**PROMPT**
Each line of the data below that carries the word "define" needs to be copied.

**INFORMATION SUPPLIED**
text \<open>The quadratic form |M v|^2 |u|^2 - |M u|^2 is nonnegative and vanishes at u = v, so its
  polarisation at v vanishes identically.\<close>
lemma max_stretch_eigenvector:
  fixes M :: "real^'n^'m"
  assumes unit: "norm v = 1" and max: "\<And>u. norm (M *v u) \<le> norm (M *v v) * norm u"
  shows "(transpose M ** M) *v v = (norm (M *v v))\<^sup>2 *\<^sub>R v"
proof -
  define \<mu> where "\<mu> = (norm (M *v v))\<^sup>2"
  define r where "r = \<mu> *\<^sub>R v - (transpose M ** M) *v v"
  have vv: "inner v v = 1" and \<mu>: "inner (M *v v) (M *v v) = \<mu>"
    using unit by (simp_all add: \<mu>_def dot_square_norm)
  have "inner (M *v v) (M *v r) = inner ((transpose M ** M) *v v) r"
    using inner_transpose_mult_mult[of r M v] by (simp add: inner_commute)
  then have "\<mu> * inner v r - inner (M *v v) (M *v r) = inner (\<mu> *\<^sub>R v - (transpose M ** M) *v v) r"
    by (simp add: inner_diff_left)
  then have polar: "inner (M *v v) (M *v r) = \<mu> * inner v r - inner r r"
    by (simp add: r_def)
  have "0 \<le> 2 * inner r r * t + (\<mu> * inner r r - inner (M *v r) (M *v r)) * t\<^sup>2" for t
  proof -
    have "(norm (M *v (v + t *\<^sub>R r)))\<^sup>2 \<le> \<mu> * (norm (v + t *\<^sub>R r))\<^sup>2"
      unfolding \<mu>_def using max[of "v + t *\<^sub>R r"]
      by (metis norm_ge_zero power_mono power_mult_distrib)
    moreover have "(norm (M *v (v + t *\<^sub>R r)))\<^sup>2
        = \<mu> + 2 * t * inner (M *v v) (M *v r) + t\<^sup>2 * inner (M *v r) (M *v r)"
      unfolding power2_norm_eq_inner
      by (simp add: matrix_vector_right_distrib
          matrix_vector_mult_scaleR inner_add_left inner_add_right inner_commute \<mu>
          algebra_simps power2_eq_square)
    moreover have "(norm (v + t *\<^sub>R r))\<^sup>2 = 1 + 2 * t * inner v r + t\<^sup>2 * inner r r"
      unfolding power2_norm_eq_inner
      by (simp add: inner_add_left inner_add_right inner_commute vv
          algebra_simps power2_eq_square)
    ultimately show ?thesis
      using polar by (simp add: algebra_simps)
  qed
  then have "inner r r = 0"
    by (rule linear_plus_quadratic_nonneg_imp_zero)
  then show ?thesis
    by (simp add: r_def \<mu>_def)
qed

lemma sigma_max_eq_max_stretch:
  fixes M :: "real^'n^'n"
  assumes unit: "norm v = 1" and max: "\<And>u. norm (M *v u) \<le> norm (M *v v) * norm u"
  shows "sigma_max M = norm (M *v v)"
proof -
  define E where "E = {e. \<exists>w. w \<noteq> 0 \<and> (transpose M ** M) *v w = e *\<^sub>R w}"
  have "(norm (M *v v))\<^sup>2 \<in> E"
    unfolding E_def using max_stretch_eigenvector[OF assms] unit by (auto intro!: exI[of _ v])
  moreover have "e \<le> (norm (M *v v))\<^sup>2" if "e \<in> E" for e
  proof -
    obtain w where w: "w \<noteq> 0" "(transpose M ** M) *v w = e *\<^sub>R w"
      using \<open>e \<in> E\<close> unfolding E_def by blast
    have "e * (norm w)\<^sup>2 = (norm (M *v w))\<^sup>2"
      using inner_transpose_mult_mult[of w M w] w(2) by (simp add: dot_square_norm)
    also have "\<dots> \<le> ((norm (M *v v)) * norm w)\<^sup>2"
      using max[of w] by (simp add: power_mono)
    finally show ?thesis
      using w(1) by (simp add: power_mult_distrib)
  qed
  ultimately have "Sup E = (norm (M *v v))\<^sup>2"
    by (rule cSup_eq_maximum)
  then show ?thesis
    unfolding sigma_max_def E_def by simp
qed

lemma norm_matrix_vector_le_sigma_max:
  fixes M :: "real^'n^'n"
  shows "norm (M *v a) \<le> sigma_max M * norm a"
proof -
  obtain v where "norm v = 1" and "\<And>u. norm (M *v u) \<le> norm (M *v v) * norm u"
    using matrix_vector_mult_attains_norm_bound[of M] by blast
  then show ?thesis
    using sigma_max_eq_max_stretch by metis
qed

section \<open>Best responses and existence of an equilibrium\<close>

definition ext_gain :: "real^'n^'n \<Rightarrow> 'n \<Rightarrow> real^'n \<Rightarrow> real" where
  "ext_gain W i x = (\<Sum>j\<in>UNIV - {i}. W$i$j * x$j)"

lemma upd_nth [simp]: "upd x i t $ j = (if j = i then t else x$j)"
  by (simp add: upd_def)

lemma upd_same [simp]: "upd x i (x$i) = x"
  by (simp add: vec_eq_iff)

lemma ext_gain_upd [simp]: "ext_gain W i (upd x i t) = ext_gain W i x"
  unfolding ext_gain_def by (intro sum.cong) auto

lemma gain_eq_own_plus_ext_gain:
  assumes "W$i$i = 1"
  shows "gain W i x = x$i + ext_gain W i x"
  unfolding gain_def ext_gain_def using assms by (simp add: sum.remove[of UNIV i])

lemma utility_upd:
  assumes "W$i$i = 1"
  shows "utility f c W i (upd x i t) = f i (t + ext_gain W i x) - c i t"
  unfolding utility_def gain_eq_own_plus_ext_gain[OF assms] by simp

lemma profiles_eq_cbox: "profiles lo hi = cbox lo hi"
  unfolding profiles_def strat_def by (auto simp: mem_box_cart)

lemma upd_in_profiles:
  "x \<in> profiles lo hi \<Longrightarrow> t \<in> strat lo hi i \<Longrightarrow> upd x i t \<in> profiles lo hi"
  unfolding profiles_def by auto

lemma gain_in_gainset: "x \<in> profiles lo hi \<Longrightarrow> gain W i x \<in> gainset W lo hi i"
  unfolding gainset_def by auto

lemma ext_gain_translate_in_gainset:
  assumes "W$i$i = 1" "x \<in> profiles lo hi"
  shows "(\<lambda>t. t + ext_gain W i x) ` strat lo hi i \<subseteq> gainset W lo hi i"
proof safe
  fix t assume "t \<in> strat lo hi i"
  then have "gain W i (upd x i t) \<in> gainset W lo hi i"
    by (intro gain_in_gainset upd_in_profiles assms(2))
  then show "t + ext_gain W i x \<in> gainset W lo hi i"
    by (simp add: gain_eq_own_plus_ext_gain[OF assms(1)])
qed

lemma ext_gain_bounds:
  assumes "x \<in> profiles lo hi"
  shows "ext_gain W i x \<in> {d_lo W lo hi i .. d_hi W lo hi i}"
proof -
  have x: "lo$j \<le> x$j" "x$j \<le> hi$j" for j
    using assms unfolding profiles_def strat_def by auto
  have "(if W$i$j > 0 then W$i$j * lo$j else 0) + (if W$i$j < 0 then W$i$j * hi$j else 0)
      \<le> W$i$j * x$j" for j
    using x[of j] by (auto simp: mult_left_mono mult_left_mono_neg)
  moreover have "W$i$j * x$j
      \<le> (if W$i$j > 0 then W$i$j * hi$j else 0) + (if W$i$j < 0 then W$i$j * lo$j else 0)" for j
    using x[of j] by (auto simp: mult_left_mono mult_left_mono_neg)
  ultimately show ?thesis
    unfolding d_lo_def d_hi_def ext_gain_def by (auto intro: sum_mono)
qed

lemma nash_eq_iff_best_response:
  assumes "\<And>i. W$i$i = 1"
  shows "nash_eq f c W lo hi x \<longleftrightarrow> x \<in> profiles lo hi \<and>
    (\<forall>i. \<forall>t\<in>strat lo hi i.
       f i (t + ext_gain W i x) - c i t \<le> f i (x$i + ext_gain W i x) - c i (x$i))"
  unfolding nash_eq_def using utility_upd[OF assms, of f c _ x] upd_same
  by metis

lemma clamp_fixed_point_variational_ineq:
  fixes l h x g t :: real
  assumes "max l (min h (x + g)) = x" "l \<le> t" "t \<le> h"
  shows "g * (t - x) \<le> 0"
  using assms by (auto simp: max_def min_def mult_le_0_iff split: if_splits)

**REPLY**
  define \<mu> where "\<mu> = (norm (M *v v))\<^sup>2"
  define r where "r = \<mu> *\<^sub>R v - (transpose M ** M) *v v"
  define E where "E = {e. \<exists>w. w \<noteq> 0 \<and> (transpose M ** M) *v w = e *\<^sub>R w}"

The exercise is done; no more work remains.